(Beginning of DATA FOR THE TASK)

(* Let $G$ be a topological groupoid such that $G^{(0)}$ is locally compact. Consider the assertions: (i) $G$ is proper; (ii) $(r,s)\colon G\to G^{(0)}\times G^{(0)}$ is closed and $G_x^x$ is quasi-compact for every $x\in G^{(0)}$; (iii) for all quasi-compact subspaces $K,L$ of $G^{(0)}$, $G_K^L$ is quasi-compact; (iii)' for all compact subspaces $K,L$ of $G^{(0)}$, $G_K^L$ is quasi-compact; (iv) for every quasi-compact subspace $K$ of $G^{(0)}$, $G_K^K$ is quasi-compact; (v) for all $x,y\in G^{(0)}$ there exist compact neighbourhoods $K_x$ of $x$ and $L_y$ of $y$ such that $G_{K_x}^{L_y}$ is quasi-compact. Then (i)$\iff$(ii)$\iff$(iii)$\iff$(iii)'$\iff$(v)$\implies$(iv). If $G^{(0)}$ is Hausdorff, then (i)–(v) are all equivalent.
   Context: Quasi-compact: every open cover has a finite subcover; compact: quasi-compact and Hausdorff; locally compact: every point has a compact neighbourhood (not necessarily Hausdorff). A continuous map is proper if it is closed and has quasi-compact fibres. $G$ is proper if $(r,s)\colon G\to G^{(0)}\times G^{(0)}$ is proper. $G_K^L=r^{-1}(L)\cap s^{-1}(K)$, $G_x^x=G_{\{x\}}^{\{x\}}$. *)

theory Defs
  imports "HOL-Analysis.Analysis"
begin

text \<open>A topological groupoid: arrow space G, unit space X, range/source maps r s,
unit inclusion u, inverse ginv and multiplication gmult (defined on composable pairs,
i.e. s g = r h).  Quasi-compactness is the library notion compactin (no separation).\<close>

definition composable_pairs :: "'a topology \<Rightarrow> ('a \<Rightarrow> 'b) \<Rightarrow> ('a \<Rightarrow> 'b) \<Rightarrow> ('a \<times> 'a) set" where
  "composable_pairs G r s = {(g, h). g \<in> topspace G \<and> h \<in> topspace G \<and> s g = r h}"

definition topological_groupoid ::
  "'a topology \<Rightarrow> 'b topology \<Rightarrow> ('a \<Rightarrow> 'b) \<Rightarrow> ('a \<Rightarrow> 'b) \<Rightarrow> ('b \<Rightarrow> 'a)
   \<Rightarrow> ('a \<Rightarrow> 'a) \<Rightarrow> ('a \<Rightarrow> 'a \<Rightarrow> 'a) \<Rightarrow> bool" where
  "topological_groupoid G X r s u ginv gmult \<longleftrightarrow>
     (\<forall>x\<in>topspace X. u x \<in> topspace G \<and> r (u x) = x \<and> s (u x) = x) \<and>
     (\<forall>g\<in>topspace G. r g \<in> topspace X \<and> s g \<in> topspace X) \<and>
     (\<forall>g\<in>topspace G. \<forall>h\<in>topspace G. s g = r h \<longrightarrow>
        gmult g h \<in> topspace G \<and> r (gmult g h) = r g \<and> s (gmult g h) = s h) \<and>
     (\<forall>g\<in>topspace G. \<forall>h\<in>topspace G. \<forall>k\<in>topspace G. s g = r h \<longrightarrow> s h = r k \<longrightarrow>
        gmult (gmult g h) k = gmult g (gmult h k)) \<and>
     (\<forall>g\<in>topspace G. gmult (u (r g)) g = g \<and> gmult g (u (s g)) = g) \<and>
     (\<forall>g\<in>topspace G. ginv g \<in> topspace G \<and> r (ginv g) = s g \<and> s (ginv g) = r g \<and>
        gmult g (ginv g) = u (r g) \<and> gmult (ginv g) g = u (s g)) \<and>
     continuous_map G X r \<and> continuous_map G X s \<and> continuous_map X G u \<and>
     continuous_map G G ginv \<and>
     continuous_map (subtopology (prod_topology G G) (composable_pairs G r s)) G
        (\<lambda>(g, h). gmult g h)"

definition compact_sub :: "'b topology \<Rightarrow> 'b set \<Rightarrow> bool" where
  "compact_sub X K \<longleftrightarrow> compactin X K \<and> Hausdorff_space (subtopology X K)"

definition nbhd :: "'b topology \<Rightarrow> 'b set \<Rightarrow> 'b \<Rightarrow> bool" where
  "nbhd X N x \<longleftrightarrow> N \<subseteq> topspace X \<and> (\<exists>U. openin X U \<and> x \<in> U \<and> U \<subseteq> N)"

definition loc_compact :: "'b topology \<Rightarrow> bool" where
  "loc_compact X \<longleftrightarrow> (\<forall>x\<in>topspace X. \<exists>K. compact_sub X K \<and> nbhd X K x)"

definition arrows_between :: "'a topology \<Rightarrow> ('a \<Rightarrow> 'b) \<Rightarrow> ('a \<Rightarrow> 'b) \<Rightarrow> 'b set \<Rightarrow> 'b set \<Rightarrow> 'a set" where
  "arrows_between G r s K L = {g \<in> topspace G. r g \<in> L \<and> s g \<in> K}"

end

theory Submission
  imports Defs
begin

text \<open>
  The anchor map \<open>(r, s)\<close> is proper as soon as every point of \<open>X \<times> X\<close> has a neighbourhood
  \<open>L \<times> K\<close> with \<open>L\<close>, \<open>K\<close> Hausdorff subspaces and \<open>G\<^sub>K\<^sup>L\<close> quasi-compact: over such a neighbourhood
  \<open>(r, s)\<close> maps a quasi-compact space into a Hausdorff one, hence is closed with quasi-compact
  fibres, and both properties are local on the target.  Local compactness of \<open>X\<close> provides such
  neighbourhoods under (iii)', and a proper map pulls quasi-compact rectangles back to
  quasi-compact sets.  The fibre of \<open>(r, s)\<close> over \<open>(y, x)\<close> is the translate \<open>g G\<^sub>x\<^sup>x\<close> of the
  isotropy group by any arrow \<open>g : x \<rightarrow> y\<close>, so a closed anchor map with quasi-compact isotropy is
  proper.  If \<open>X\<close> is Hausdorff, \<open>G\<^sub>K\<^sup>L\<close> is a closed subset of \<open>G\<^sub>K\<^sub>\<union>\<^sub>L\<^sup>K\<^sup>\<union>\<^sup>L\<close>, which gives (iv) \<open>\<Longrightarrow>\<close> (iii).
\<close>

lemma compactin_Hausdorff_subtopology_imp_closedin_Int:
  assumes "compactin Y Z" "Z \<subseteq> N" "Hausdorff_space (subtopology Y N)"
  obtains T where "closedin Y T" "Z = T \<inter> N"
proof -
  have "closedin (subtopology Y N) Z"
    using assms compactin_imp_closedin[OF assms(3)] by (simp add: compactin_subtopology)
  then show thesis
    using that by (auto simp: closedin_subtopology)
qed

(End of DATA FOR THE TASK)

[ABOUT THIS TASK]: From the records above, give again exactly the lines running from the line with "(\<forall>g\<in>topspace G. gmult" to the line with "(\<forall>g\<in>topspace G. ginv", inclusive.

[TASK OUTPUT]:
     (\<forall>g\<in>topspace G. gmult (u (r g)) g = g \<and> gmult g (u (s g)) = g) \<and>
     (\<forall>g\<in>topspace G. ginv g \<in> topspace G \<and> r (ginv g) = s g \<and> s (ginv g) = r g \<and>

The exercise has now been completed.